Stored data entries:
(* Let a countable group $G$ act on a set $X$, let $\Phi=(\ell,\phi,\mathcal{Z},\Gamma,\mathcal{H})$ be a chart for $G$, let $0<\epsilon<1$, let $A\subseteq\mathbb{Z}^\ell\times\Gamma$ be a centered rectangle, and let $E$ be a $(\Phi,A,\epsilon)$-rectangular equivalence relation on $X$. Let $U$ be an $E$-class meeting $X^{\mathcal{H}}$, let $y\in X^{\mathcal{H}}$, and let $M>0$ with $M\le 2^{22\ell}-8$ be such that $\phi(M\cdot A)\cdot y$ meets $U$. Then there are $v\in\mathrm{dom}(\phi)$, a rectangle $B\subseteq\mathbb{Z}^\ell\times\Gamma$ and $\delta>0$ such that $\phi(v)\cdot y\in X^{\mathcal{H}}$, $U$ is $(\Phi,\delta)$-roughly $B$ at $\phi(v)\cdot y$, $A\sqsubseteq B$, $2\delta\cdot B\sqsubseteq\epsilon\cdot A$, and $2^{22\ell}\cdot B\subseteq\mathrm{dom}(\phi)$. Moreover $U$ is $(\Phi,2\delta)$-roughly $B+v$ at $y$.
   Context: Rectangles: Let $\Gamma$ be a finite additive abelian group with identity $0_\Gamma$ and $\ell\in\mathbb{N}$. Elements $v$ of $\mathbb{R}^\ell\times\Gamma$ have coordinates $v_1,\dots,v_\ell\in\mathbb{R}$, $v_{\ell+1}\in\Gamma$; $\mathbf{0}$ has first $\ell$ coordinates $0$ and last coordinate $0_\Gamma$. For $\lambda\in\mathbb{R}$, $\lambda\cdot v=(\lambda v_1,\dots,\lambda v_\ell,v_{\ell+1})$. $\mathrm{Rec}(a)=\{b\in\mathbb{Z}^\ell\times\Gamma: -|a_i|\le b_i\le|a_i|,\ 1\le i\le\ell\}$. A rectangle is a set $c+\mathrm{Rec}(a)$ with $c,a\in\mathbb{Z}^\ell\times\Gamma$; it can be written uniquely with $c\in\mathbb{Z}^\ell\times\{0_\Gamma\}$ (center) and $a\in\mathbb{N}^\ell\times\{0_\Gamma\}$ (radius vector $\mathrm{L}(A)$, entries $\mathrm{L}_i(A)$). Centered means center $\mathbf{0}$. $A\sqsubseteq B$ means $\mathrm{L}_i(A)\le\mathrm{L}_i(B)$ for all $i$. For $\lambda>0$, $\lambda\cdot A=c+\mathrm{Rec}(\lambda\cdot\mathrm{L}(A))$ with $c$ the center of $A$. Sums of sets/vectors are elementwise. Charts: a chart for $G$ is $\Phi=(\ell,\phi,\mathcal{Z},\Gamma,\mathcal{H})$ with $\mathcal{H}$ a finite collection of pairwise conjugate subgroups of $G$, $\Gamma$ finite abelian, $\mathcal{Z}$ a centered rectangle with all $\mathrm{L}_i(\mathcal{Z})>0$, $\phi$ an injective map into $G$ with $\mathrm{dom}(\phi)$ a centered rectangle containing $3\cdot\mathcal{Z}$, $\phi(\mathbf{0})=1_G$, and for all $r,s\in\mathrm{dom}(\phi)$, $H\in\mathcal{H}$: $\phi(r)H=\phi(s)H\Rightarrow r=s$; $r+s+\mathcal{Z}\subseteq\mathrm{dom}(\phi)\Rightarrow\exists z\in\mathcal{Z}:\phi(r)\phi(s)H=\phi(r+s+z)H$; $r-s+\mathcal{Z}\subseteq\mathrm{dom}(\phi)\Rightarrow\exists z\in\mathcal{Z}:\phi(r)\phi(s)^{-1}H=\phi(r-s+z)H$; $-r+s+\mathcal{Z}\subseteq\mathrm{dom}(\phi)\Rightarrow\exists z\in\mathcal{Z}:\phi(r)^{-1}\phi(s)H=\phi(-r+s+z)H$; $-s+\mathcal{Z}\subseteq\mathrm{dom}(\phi)\Rightarrow\exists z\in\mathcal{Z}:\phi(s)^{-1}H=\phi(-s+z)H$. $\phi(S)\cdot x=\{\phi(s)\cdot x:s\in S\}$. $X^{\mathcal{H}}=\{x\in X:\mathrm{Stab}(x)\in\mathcal{H}\}$. Rough rectangles: for a rectangle $B$ with $2\cdot B\subseteq\mathrm{dom}(\phi)$, $x\in X^{\mathcal{H}}$, $0<\delta<1$, a set $R\subseteq X$ is $(\Phi,\delta)$-roughly $B$ at $x$ if $2\cdot\mathcal{Z}\sqsubseteq\delta\cdot B$ and $\phi((1-\delta)\cdot B)\cdot x\subseteq R\subseteq\phi((1+\delta)\cdot B)\cdot x$. Rectangular: for $A$ centered and $0<\epsilon<1$, an equivalence relation $E$ on $X$ is $(\Phi,A,\epsilon)$-rectangular if every $E$-class not meeting $X^{\mathcal{H}}$ is a singleton, and for every $E$-class $U$ meeting $X^{\mathcal{H}}$ there are $\delta>0$, a rectangle $B$ and a point $x\in X^{\mathcal{H}}$ such that $U$ is $(\Phi,\delta)$-roughly $B$ at $x$, with $A\sqsubseteq B$, $2^{22\ell}\cdot B\subseteq\mathrm{dom}(\phi)$, and $2\delta\cdot B\sqsubseteq\epsilon\cdot A$. *)

theory Defs
  imports Complex_Main "HOL-Algebra.Group_Action" "HOL-Library.Countable_Set"
begin
lemma drawn_component_path:
  assumes "annulus_drawing Vs E b pos \<gamma>" "E' \<subseteq> E" "x \<in> Vs" "(x, y) \<in> (adj E')\<^sup>*"
  obtains p where "path p" "pathstart p = pos x" "pathfinish p = pos y"
    "path_image p \<subseteq> annulus \<inter> drawn_component E' pos \<gamma> x"
proof -
  have "\<exists>p. path p \<and> pathstart p = pos x \<and> pathfinish p = pos y \<and>
      path_image p \<subseteq> annulus \<inter> drawn_component E' pos \<gamma> x"
    using assms(4)
  proof (induction rule: rtrancl_induct)
    case base
    have "pos x \<in> annulus"
      using annulus_drawingD(2)[OF assms(1)] assms(3) by blast
    then show ?case
      by (intro exI[of _ "linepath (pos x) (pos x)"])
        (simp add: drawn_component_def path_def pathstart_def pathfinish_def path_image_def)
  next
    case (step y z)
    then obtain p where p: "path p" "pathstart p = pos x" "pathfinish p = pos y"
      "path_image p \<subseteq> annulus \<inter> drawn_component E' pos \<gamma> x"
      by blast
    define e where "e = {y, z}"
    have "e \<in> E'"
      using step(2) unfolding adj_def e_def by simp
    with assms(2) obtain u v
      where e: "e = {u, v}" "pathstart (\<gamma> e) = pos u" "pathfinish (\<gamma> e) = pos v"
      "arc (\<gamma> e)" "path_image (\<gamma> e) \<subseteq> annulus"
      by (meson annulus_drawing_edgeD[OF assms(1)] subsetD)
    define q where "q = (if u = y then \<gamma> e else reversepath (\<gamma> e))"
    have "u = y \<and> v = z \<or> u = z \<and> v = y"
      using e(1) unfolding e_def by (auto simp: doubleton_eq_iff)
    then have q: "path q" "pathstart q = pos y" "pathfinish q = pos z"
      "path_image q = path_image (\<gamma> e)"
      using e(2,3) arc_imp_path[OF e(4)] unfolding q_def by auto
    have "e \<subseteq> {w. (x, w) \<in> (adj E')\<^sup>*}"
      using step(1) rtrancl_into_rtrancl[OF step(1,2)] unfolding e_def by simp
    then have "path_image (\<gamma> e) \<subseteq> drawn_component E' pos \<gamma> x"
      unfolding drawn_component_def using \<open>e \<in> E'\<close> by blast
    then show ?case
      using p q e(5) by (intro exI[of _ "p +++ q"]) (auto simp: path_image_join)
  qed
  then show ?thesis
    using that by blast
qed

lemma drawn_component_vertex:
  assumes drawing: "annulus_drawing Vs E b pos \<gamma>" and "wgraph Vs E w" "E' \<subseteq> E"
    and "x \<in> Vs" "y \<in> Vs" "pos y \<in> drawn_component E' pos \<gamma> x"
  shows "(x, y) \<in> (adj E')\<^sup>*"
proof (cases "pos y = pos x")
  case True
  then show ?thesis
    using annulus_drawingD(1)[OF drawing] assms(4,5) by (auto dest: inj_onD)
next
  case False
  then obtain e
    where e: "e \<in> E'" "e \<subseteq> {z. (x, z) \<in> (adj E')\<^sup>*}" "pos y \<in> path_image (\<gamma> e)"
    using assms(6) unfolding drawn_component_def by auto
  then have "pos y \<in> pos ` e"
    using annulus_drawingD(3)[OF drawing, of e] assms(3,5) by blast
  moreover have "e \<subseteq> Vs"
    using assms(2,3) e(1) unfolding wgraph_def by blast
  ultimately have "y \<in> e"
    using annulus_drawingD(1)[OF drawing] assms(5) by (auto dest: inj_onD)
  then show ?thesis
    using e(2) by blast
qed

Task prompt:
Starting at the line above that contains "proof (induction rule: rtrancl_induct)", write out each line exactly until the line that contains "(pos x) (pos" has been written, and stop there.

Solved problem:
  proof (induction rule: rtrancl_induct)
    case base
    have "pos x \<in> annulus"
      using annulus_drawingD(2)[OF assms(1)] assms(3) by blast
    then show ?case
      by (intro exI[of _ "linepath (pos x) (pos x)"])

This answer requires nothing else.